Let ``lava-test-shell`` provide you with a directory layout containing your
scripts, some basic information about the job and a way of reporting test case
results - that's about all it should be doing outside of the
:ref:`multinode_api`.

**Avoid using test definitions patterns**

Test definitions which can use ``lava-test-case`` should not also use
test definition patterns like:

.. code-block:: python

 "(?P<test_case_id>.*-*):\\s+(?P<result>(pass|fail))"

Test shell definition patterns are difficult to debug and almost
impossible to make portable. If you have access to ``lava-test-case``,
there is no need to also use a pattern because you already have a shell
on the DUT which is capable of much better pattern matching and
parsing. Start by copying the relevant part of the test output and see
how parsing can be improved:

* Is any kind of pattern needed at all? Can the process generating the
  output be called by a script which already understands the output?

* If you do need a pattern, put the pattern handling inside the test
  shell definition scripts and use copies of different sections of
  output to debug the pattern matching before submitting anything to
  LAVA.

.. note:: If the DUT does not support a POSIX shell then
   ``lava-test-case`` will not be available either. In some cases, the
   test operation is executed from an LXC and this will provide the
   necessary shell support.

**Do not lock yourself out of your tests**

#. Do not make your test code depend on the LAVA infrastructure any more than
   is necessary for automation. Make sure you can always run your tests by
   downloading the test code to a target device using a clean environment,
   installing its dependencies (the test code itself could do this), and
   running a single script. Emulation can be used in most cases where access to
   the device is difficult. Even if the values in the output change, the format
   of the output from the underlying test operation should remain the same,
   allowing a single script to parse the output in LAVA and in local testing.
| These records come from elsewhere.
(* Let $\alpha\in(0,1/2)$, $p_0=P(Y=1\mid D=0)$, $p_1=P(Y=1\mid D=1)$. In the binary model, the set $\{-1,1\}$ is a valid $(1-\alpha)$ prediction set given the observed data if and only if $p_1-p_0\ge1-\alpha$ or $p_0-p_1\ge1-\alpha$; in the first case $\{1\}$, and in the second case $\{-1\}$, is also a valid $(1-\alpha)$ prediction set given the observed data.
   Context: Binary treatment/outcome model: treatment $D\in\{0,1\}$ randomized; $Y_0,Y_1\in\{0,1\}$ potential outcomes; $\mathrm{ITE}=Y_1-Y_0\in\{-1,0,1\}$. A joint distribution of $(Y_0,Y_1)$ is compatible with the observed data if $P(Y_0=1)=p_0$ and $P(Y_1=1)=p_1$. A set $S$ is a valid $(1-\alpha)$ prediction set given the observed data if $P(Y_1-Y_0\in S)\ge1-\alpha$ for every compatible joint distribution. *)

theory Defs
  imports "HOL-Probability.Probability"
begin

text \<open>A joint distribution of the potential outcomes (Y0, Y1) is a probability
  mass function on pairs of integers supported on {0,1} x {0,1}; the first
  component is Y0, the second Y1.\<close>

definition compatible :: "real \<Rightarrow> real \<Rightarrow> (int \<times> int) pmf \<Rightarrow> bool" where
  "compatible p0 p1 J \<longleftrightarrow>
     set_pmf J \<subseteq> {0,1} \<times> {0,1} \<and>
     measure_pmf.prob J {y. fst y = 1} = p0 \<and>
     measure_pmf.prob J {y. snd y = 1} = p1"

definition valid_pred_set :: "real \<Rightarrow> real \<Rightarrow> real \<Rightarrow> int set \<Rightarrow> bool" where
  "valid_pred_set \<alpha> p0 p1 S \<longleftrightarrow>
     (\<forall>J. compatible p0 p1 J \<longrightarrow>
        measure_pmf.prob J {y. snd y - fst y \<in> S} \<ge> 1 - \<alpha>)"

end

theory Submission
  imports Defs
begin

text \<open>On \<open>{0,1}\<^sup>2\<close> the observed margins fix \<open>P(Y\<^sub>1=1) - P(Y\<^sub>0=1) = P(ITE=1) - P(ITE=-1)\<close>,
  so every compatible law has \<open>P(ITE=1) \<ge> p\<^sub>1-p\<^sub>0\<close>, \<open>P(ITE=-1) \<ge> p\<^sub>0-p\<^sub>1\<close> and hence
  \<open>P(ITE\<noteq>0) \<ge> \<bar>p\<^sub>1-p\<^sub>0\<bar>\<close>. The comonotone coupling, which puts mass \<open>min p\<^sub>0 p\<^sub>1\<close> on
  \<open>(1,1)\<close> and \<open>1 - max p\<^sub>0 p\<^sub>1\<close> on \<open>(0,0)\<close>, attains the last bound, so \<open>{-1,1}\<close> has
  worst-case coverage exactly \<open>\<bar>p\<^sub>1-p\<^sub>0\<bar>\<close>.\<close>

lemma measure_pmf_eq_sum_Int:
  assumes "finite F" and "set_pmf J \<subseteq> F"
  shows "measure_pmf.prob J A = sum (pmf J) (A \<inter> F)"
proof -
  have "measure_pmf.prob J A = measure_pmf.prob J (A \<inter> F)"
    using measure_Int_set_pmf[of J A] measure_Int_set_pmf[of J "A \<inter> F"] assms(2)
    by (metis Int_assoc inf.absorb_iff2 inf_commute)
  also have "\<dots> = sum (pmf J) (A \<inter> F)"
    using assms(1) by (simp add: measure_measure_pmf_finite)
  finally show ?thesis .
qed

lemma
  assumes "set_pmf J \<subseteq> {0,1} \<times> {0::int,1}"
  shows prob_fst_eq_1_binary: "measure_pmf.prob J {y. fst y = 1} = pmf J (1,0) + pmf J (1,1)"
    and prob_snd_eq_1_binary: "measure_pmf.prob J {y. snd y = 1} = pmf J (0,1) + pmf J (1,1)"
    and prob_ITE_pos_binary: "measure_pmf.prob J {y. snd y - fst y \<in> {1}} = pmf J (0,1)"
    and prob_ITE_neg_binary: "measure_pmf.prob J {y. snd y - fst y \<in> {-1}} = pmf J (1,0)"
    and prob_ITE_nonzero_binary:
      "measure_pmf.prob J {y. snd y - fst y \<in> {-1,1}} = pmf J (0,1) + pmf J (1,0)"
proof -
  have prob: "measure_pmf.prob J A = sum (pmf J) (A \<inter> ({0,1} \<times> {0,1}))" for A
    using measure_pmf_eq_sum_Int[OF _ assms] by simp
  have "{y. fst y = 1} \<inter> ({0,1} \<times> {0,1}) = {(1,0), (1::int,1::int)}"
    by auto
  then show "measure_pmf.prob J {y. fst y = 1} = pmf J (1,0) + pmf J (1,1)"
    by (simp add: prob)
  have "{y. snd y = 1} \<inter> ({0,1} \<times> {0,1}) = {(0,1), (1::int,1::int)}"
    by auto
  then show "measure_pmf.prob J {y. snd y = 1} = pmf J (0,1) + pmf J (1,1)"
    by (simp add: prob)
  have "{y. snd y - fst y \<in> {1}} \<inter> ({0,1} \<times> {0,1}) = {(0::int,1::int)}"
    by auto
  then show "measure_pmf.prob J {y. snd y - fst y \<in> {1}} = pmf J (0,1)"
    by (simp add: prob)
  have "{y. snd y - fst y \<in> {-1}} \<inter> ({0,1} \<times> {0,1}) = {(1::int,0::int)}"
    by auto
  then show "measure_pmf.prob J {y. snd y - fst y \<in> {-1}} = pmf J (1,0)"
    by (simp add: prob)
  have "{y. snd y - fst y \<in> {-1,1}} \<inter> ({0,1} \<times> {0,1}) = {(0,1), (1::int,0::int)}"
    by auto
  then show "measure_pmf.prob J {y. snd y - fst y \<in> {-1,1}} = pmf J (0,1) + pmf J (1,0)"
    by (simp add: prob)
qed

lemma compatible_pmf_diff:
  assumes "compatible p0 p1 J"
  shows "pmf J (0,1) - pmf J (1,0) = p1 - p0"
  using assms prob_fst_eq_1_binary prob_snd_eq_1_binary unfolding compatible_def by force

lemma
  assumes "compatible p0 p1 J"
  shows compatible_prob_ITE_pos_ge: "measure_pmf.prob J {y. snd y - fst y \<in> {1}} \<ge> p1 - p0"
    and compatible_prob_ITE_neg_ge: "measure_pmf.prob J {y. snd y - fst y \<in> {-1}} \<ge> p0 - p1"
    and compatible_prob_ITE_nonzero_ge:
      "measure_pmf.prob J {y. snd y - fst y \<in> {-1,1}} \<ge> \<bar>p1 - p0\<bar>"
proof -
  have supp: "set_pmf J \<subseteq> {0,1} \<times> {0,1}"
    using assms unfolding compatible_def by simp
  note diff = compatible_pmf_diff[OF assms]
  show "measure_pmf.prob J {y. snd y - fst y \<in> {1}} \<ge> p1 - p0"
    using diff pmf_nonneg[of J "(1,0)"] prob_ITE_pos_binary[OF supp] by linarith
  show "measure_pmf.prob J {y. snd y - fst y \<in> {-1}} \<ge> p0 - p1"
    using diff pmf_nonneg[of J "(0,1)"] prob_ITE_neg_binary[OF supp] by linarith
  show "measure_pmf.prob J {y. snd y - fst y \<in> {-1,1}} \<ge> \<bar>p1 - p0\<bar>"
    using diff pmf_nonneg[of J "(0,1)"] pmf_nonneg[of J "(1,0)"]
    prob_ITE_nonzero_binary[OF supp] by linarith
qed

definition comonotone_coupling_weights :: "real \<Rightarrow> real \<Rightarrow> ((int \<times> int) \<times> real) list" where
  "comonotone_coupling_weights p0 p1 =
     [((0,0), 1 - max p0 p1), ((0,1), p1 - min p0 p1), ((1,0), p0 - min p0 p1), ((1,1), min p0 p1)]"

definition comonotone_coupling :: "real \<Rightarrow> real \<Rightarrow> (int \<times> int) pmf" where
  "comonotone_coupling p0 p1 = pmf_of_list (comonotone_coupling_weights p0 p1)"

context
  fixes p0 p1 :: real
  assumes p0: "0 \<le> p0" "p0 \<le> 1" and p1: "0 \<le> p1" "p1 \<le> 1"
begin

private lemma comonotone_coupling_weights_wf: "pmf_of_list_wf (comonotone_coupling_weights p0 p1)"
  using p0 p1 unfolding pmf_of_list_wf_def comonotone_coupling_weights_def by auto

lemma pmf_comonotone_coupling:
  "pmf (comonotone_coupling p0 p1) (0,0) = 1 - max p0 p1"
  "pmf (comonotone_coupling p0 p1) (0,1) = p1 - min p0 p1"
  "pmf (comonotone_coupling p0 p1) (1,0) = p0 - min p0 p1"
  "pmf (comonotone_coupling p0 p1) (1,1) = min p0 p1"
  unfolding comonotone_coupling_def pmf_pmf_of_list[OF comonotone_coupling_weights_wf]
  by (simp_all add: comonotone_coupling_weights_def)

lemma set_pmf_comonotone_coupling: "set_pmf (comonotone_coupling p0 p1) \<subseteq> {0,1} \<times> {0,1}"
  using set_pmf_of_list[OF comonotone_coupling_weights_wf]
  unfolding comonotone_coupling_def comonotone_coupling_weights_def by auto

lemma compatible_comonotone_coupling: "compatible p0 p1 (comonotone_coupling p0 p1)"
  unfolding compatible_def
  using set_pmf_comonotone_coupling pmf_comonotone_coupling
    prob_fst_eq_1_binary[OF set_pmf_comonotone_coupling]
    prob_snd_eq_1_binary[OF set_pmf_comonotone_coupling]
  by simp

lemma prob_ITE_nonzero_comonotone_coupling:
  "measure_pmf.prob (comonotone_coupling p0 p1) {y. snd y - fst y \<in> {-1,1}} = \<bar>p1 - p0\<bar>"
  using prob_ITE_nonzero_binary[OF set_pmf_comonotone_coupling] pmf_comonotone_coupling
  by simp

lemma valid_pred_set_ITE_nonzero_iff:
  "valid_pred_set \<alpha> p0 p1 {-1,1} \<longleftrightarrow> 1 - \<alpha> \<le> \<bar>p1 - p0\<bar>"
proof
  assume "valid_pred_set \<alpha> p0 p1 {-1,1}"
  then show "1 - \<alpha> \<le> \<bar>p1 - p0\<bar>"
    using compatible_comonotone_coupling prob_ITE_nonzero_comonotone_coupling
    unfolding valid_pred_set_def by metis
next
  assume "1 - \<alpha> \<le> \<bar>p1 - p0\<bar>"
  then show "valid_pred_set \<alpha> p0 p1 {-1,1}"
    using compatible_prob_ITE_nonzero_ge unfolding valid_pred_set_def by force
qed

end

lemma valid_pred_set_ITE_pos:
  "1 - \<alpha> \<le> p1 - p0 \<Longrightarrow> valid_pred_set \<alpha> p0 p1 {1}"
  using compatible_prob_ITE_pos_ge unfolding valid_pred_set_def by force

lemma valid_pred_set_ITE_neg:
  "1 - \<alpha> \<le> p0 - p1 \<Longrightarrow> valid_pred_set \<alpha> p0 p1 {-1}"
  using compatible_prob_ITE_neg_ge unfolding valid_pred_set_def by force

theorem mainTheorem7:
  fixes \<alpha> p0 p1 :: real
  assumes "0 < \<alpha>" and "\<alpha> < 1/2"
    and "0 \<le> p0" and "p0 \<le> 1" and "0 \<le> p1" and "p1 \<le> 1"
  shows "(valid_pred_set \<alpha> p0 p1 {-1, 1} \<longleftrightarrow> (p1 - p0 \<ge> 1 - \<alpha> \<or> p0 - p1 \<ge> 1 - \<alpha>))
    \<and> (p1 - p0 \<ge> 1 - \<alpha> \<longrightarrow> valid_pred_set \<alpha> p0 p1 {1})
    \<and> (p0 - p1 \<ge> 1 - \<alpha> \<longrightarrow> valid_pred_set \<alpha> p0 p1 {-1})"
proof -
  have "1 - \<alpha> \<le> \<bar>p1 - p0\<bar> \<longleftrightarrow> p1 - p0 \<ge> 1 - \<alpha> \<or> p0 - p1 \<ge> 1 - \<alpha>"
    by linarith
  then show ?thesis
    using valid_pred_set_ITE_nonzero_iff[OF assms(3-6)] valid_pred_set_ITE_pos valid_pred_set_ITE_neg
    by blast
qed

end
#. Make the LAVA-specific part as small as possible, just enough
   to, for example, gather any inputs that you get via LAVA, call the main
   test program, and translate your regular output into ways to
   tell lava how the test went (if needed).

#. Standard test jobs are intended to showcase the design of the test job,
   **not** the test definitions. These test definitions tend to be very
   simplistic and are **not** intended to be examples of how to write test
   definitions, just how to prepare test jobs.
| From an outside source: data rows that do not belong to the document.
definition Ffun :: "('x \<Rightarrow> real) \<Rightarrow> ('x::finite \<Rightarrow> 'y::finite \<Rightarrow> real) \<Rightarrow> real \<Rightarrow> real
    \<Rightarrow> ('y \<Rightarrow> real) \<Rightarrow> ('y \<Rightarrow> 'x \<Rightarrow> real) \<Rightarrow> ('y \<Rightarrow> 'x \<Rightarrow> real) \<Rightarrow> ereal" where
  "Ffun P W R K T V V' = Dterm T V P W
      + pospart (Aterm T V' P - ereal R + pospart (Bterm T V' W - ereal K))"

definition E1 :: "('x::finite \<Rightarrow> real) \<Rightarrow> ('x \<Rightarrow> 'y::finite \<Rightarrow> real) \<Rightarrow> real \<Rightarrow> real \<Rightarrow> real \<Rightarrow> ereal" where
  "E1 P W R K \<epsilon> = (INF tvv \<in> {(T, V, V'). is_dist T \<and> is_cond V \<and> is_cond V'
        \<and> Bterm T V' W \<le> Bterm T V W + ereal \<epsilon> \<and> Bterm T V W + ereal \<epsilon> \<le> ereal K}.
      (case tvv of (T, V, V') \<Rightarrow> Ffun P W R K T V V'))"

definition E2 :: "('x::finite \<Rightarrow> real) \<Rightarrow> ('x \<Rightarrow> 'y::finite \<Rightarrow> real) \<Rightarrow> real \<Rightarrow> real \<Rightarrow> real \<Rightarrow> ereal" where
  "E2 P W R K \<epsilon> = (INF tvv \<in> {(T, V, V'). is_dist T \<and> is_cond V \<and> is_cond V'
        \<and> Bterm T V W + ereal \<epsilon> \<ge> ereal K}.
      (case tvv of (T, V, V') \<Rightarrow> Ffun P W R K T V V'))"

definition Ee :: "('x::finite \<Rightarrow> real) \<Rightarrow> ('x \<Rightarrow> 'y::finite \<Rightarrow> real) \<Rightarrow> real \<Rightarrow> real \<Rightarrow> real \<Rightarrow> ereal" where
  "Ee P W R K \<epsilon> = min (E1 P W R K \<epsilon>) (E2 P W R K \<epsilon>)"

end

theory Submission
  imports Defs "HOL-Real_Asymp.Real_Asymp"
begin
.. seealso:: :ref:`custom_scripts` and :ref:`portability_terminology`

.. _less_reliance_on_install:

Rely less on install: steps
***************************

To make your test portable, the goal of the ``install`` block of any test
definition should be to get the raw LAVA environment up to the point where a
developer would be ready to start test-specific operations. For example,
installing package dependencies. Putting the operations into the ``run:`` steps
also means that the test writer can report results from these operations.

Whilst compatibility with V1 has been retained in most areas of the test shell,
there can be differences in how the install steps behave between V1 and V2.
Once V1 is removed, other changes are planned for the test shell to make it
easier for test writers to create portable tests. It is possible that the
``install:`` behavior of the test shell could be restricted at this time.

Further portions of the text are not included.